lemma real_cond_exp_dist_sq_mult_next:
  assumes h: "integrable M h" and bounded: "\<And>s. s \<in> space M \<Longrightarrow> \<bar>h s\<bar> \<le> C"
  shows "integrable P (\<lambda>\<omega>. (dist (x n \<omega>) xstar)\<^sup>2 * h (\<xi> (Suc n) \<omega>))"
    and "AE \<omega> in P. real_cond_exp P (filt n) (\<lambda>\<omega>. (dist (x n \<omega>) xstar)\<^sup>2 * h (\<xi> (Suc n) \<omega>)) \<omega>
           = (dist (x n \<omega>) xstar)\<^sup>2 * (\<integral>s. h s \<partial>M)"
proof -
  interpret F: sigma_finite_subalgebra P "filt n"
    by (rule sigma_finite_subalgebra_natural_filtration[OF \<xi>_measurable P.prob_space_axioms])
  note h_next = real_cond_exp_natural_filtration_next[OF P.prob_space_axioms iid distr_next[of n] h]
  have d_F: "(\<lambda>\<omega>. (dist (x n \<omega>) xstar)\<^sup>2) \<in> borel_measurable (filt n)"
    by (intro borel_measurable_power borel_measurable_dist_const iterate_measurable)
  show int: "integrable P (\<lambda>\<omega>. (dist (x n \<omega>) xstar)\<^sup>2 * h (\<xi> (Suc n) \<omega>))"
  proof (rule Bochner_Integration.integrable_bound)
    show "integrable P (\<lambda>\<omega>. C * (dist (x n \<omega>) xstar)\<^sup>2)"
      using integrable_dist_sq_iterate by simp
    show "(\<lambda>\<omega>. (dist (x n \<omega>) xstar)\<^sup>2 * h (\<xi> (Suc n) \<omega>)) \<in> borel_measurable P"
      using measurable_from_subalg[OF subalgebra_natural_filtration[OF \<xi>_measurable] d_F] h_next(1)
      by (intro borel_measurable_times) auto
    show "AE \<omega> in P. norm ((dist (x n \<omega>) xstar)\<^sup>2 * h (\<xi> (Suc n) \<omega>)) \<le> norm (C * (dist (x n \<omega>) xstar)\<^sup>2)"
    proof (rule AE_I2)
      fix \<omega> assume "\<omega> \<in> space P"
      then have "\<bar>h (\<xi> (Suc n) \<omega>)\<bar> \<le> C" by (rule bounded[OF \<xi>_space])
      then have "\<bar>h (\<xi> (Suc n) \<omega>)\<bar> \<le> \<bar>C\<bar>" by linarith
      then have "(dist (x n \<omega>) xstar)\<^sup>2 * \<bar>h (\<xi> (Suc n) \<omega>)\<bar> \<le> (dist (x n \<omega>) xstar)\<^sup>2 * \<bar>C\<bar>"
        by (rule mult_left_mono) simp
      then show "norm ((dist (x n \<omega>) xstar)\<^sup>2 * h (\<xi> (Suc n) \<omega>)) \<le> norm (C * (dist (x n \<omega>) xstar)\<^sup>2)"
        by (simp add: abs_mult mult.commute)
    qed
  qed
  have "AE \<omega> in P. real_cond_exp P (filt n) (\<lambda>\<omega>. (dist (x n \<omega>) xstar)\<^sup>2 * h (\<xi> (Suc n) \<omega>)) \<omega>
      = (dist (x n \<omega>) xstar)\<^sup>2 * real_cond_exp P (filt n) (\<lambda>\<omega>. h (\<xi> (Suc n) \<omega>)) \<omega>"
    using h_next(1) int d_F by (intro F.real_cond_exp_mult) auto
  with h_next(2) show "AE \<omega> in P. real_cond_exp P (filt n) (\<lambda>\<omega>. (dist (x n \<omega>) xstar)\<^sup>2 * h (\<xi> (Suc n) \<omega>)) \<omega>
      = (dist (x n \<omega>) xstar)\<^sup>2 * (\<integral>s. h s \<partial>M)"
    by eventually_elim simp
qed

lemma real_cond_exp_step_coefficient:
  fixes n :: nat
  defines "k \<equiv> \<lambda>s. 1 + 2 * (lam n)\<^sup>2 - 2 * lam n * \<alpha> s"
  shows "integrable P (\<lambda>\<omega>. (dist (x n \<omega>) xstar)\<^sup>2 * k (\<xi> (Suc n) \<omega>))"
    and "AE \<omega> in P. real_cond_exp P (filt n) (\<lambda>\<omega>. (dist (x n \<omega>) xstar)\<^sup>2 * k (\<xi> (Suc n) \<omega>)) \<omega>
           = (dist (x n \<omega>) xstar)\<^sup>2 * (1 + 2 * (lam n)\<^sup>2 - 2 * lam n * (\<integral>s. \<alpha> s \<partial>M))"
proof -
  have k_int: "integrable M k"
    unfolding k_def by (intro Bochner_Integration.integrable_diff M.integrable_const integrable_mult_right integrable_\<alpha>)
  have k_bound: "\<bar>k s\<bar> \<le> 1 + 2 * (lam n)\<^sup>2 + 2 * lam n" if "s \<in> space M" for s
  proof -
    have "0 \<le> lam n * \<alpha> s" "lam n * \<alpha> s \<le> lam n"
      using \<alpha>_range[OF that] lam_pos[of n] by (simp_all add: mult_left_le)
    then show ?thesis using zero_le_power2[of "lam n"] unfolding k_def abs_le_iff by linarith
  qed
  have "(\<integral>s. k s \<partial>M) = 1 + 2 * (lam n)\<^sup>2 - 2 * lam n * (\<integral>s. \<alpha> s \<partial>M)"
    using integrable_\<alpha> by (simp add: k_def M.prob_space)
  then show "integrable P (\<lambda>\<omega>. (dist (x n \<omega>) xstar)\<^sup>2 * k (\<xi> (Suc n) \<omega>))"
    and "AE \<omega> in P. real_cond_exp P (filt n) (\<lambda>\<omega>. (dist (x n \<omega>) xstar)\<^sup>2 * k (\<xi> (Suc n) \<omega>)) \<omega>
           = (dist (x n \<omega>) xstar)\<^sup>2 * (1 + 2 * (lam n)\<^sup>2 - 2 * lam n * (\<integral>s. \<alpha> s \<partial>M))"
    using real_cond_exp_dist_sq_mult_next[OF k_int k_bound] by auto
qed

* * * *

(Work required)
Find all the lines containing "partial" in the material, then copy them.

(Answer box)
           = (dist (x n \<omega>) xstar)\<^sup>2 * (\<integral>s. h s \<partial>M)"
      = (dist (x n \<omega>) xstar)\<^sup>2 * (\<integral>s. h s \<partial>M)"
           = (dist (x n \<omega>) xstar)\<^sup>2 * (1 + 2 * (lam n)\<^sup>2 - 2 * lam n * (\<integral>s. \<alpha> s \<partial>M))"
  have "(\<integral>s. k s \<partial>M) = 1 + 2 * (lam n)\<^sup>2 - 2 * lam n * (\<integral>s. \<alpha> s \<partial>M)"
           = (dist (x n \<omega>) xstar)\<^sup>2 * (1 + 2 * (lam n)\<^sup>2 - 2 * lam n * (\<integral>s. \<alpha> s \<partial>M))"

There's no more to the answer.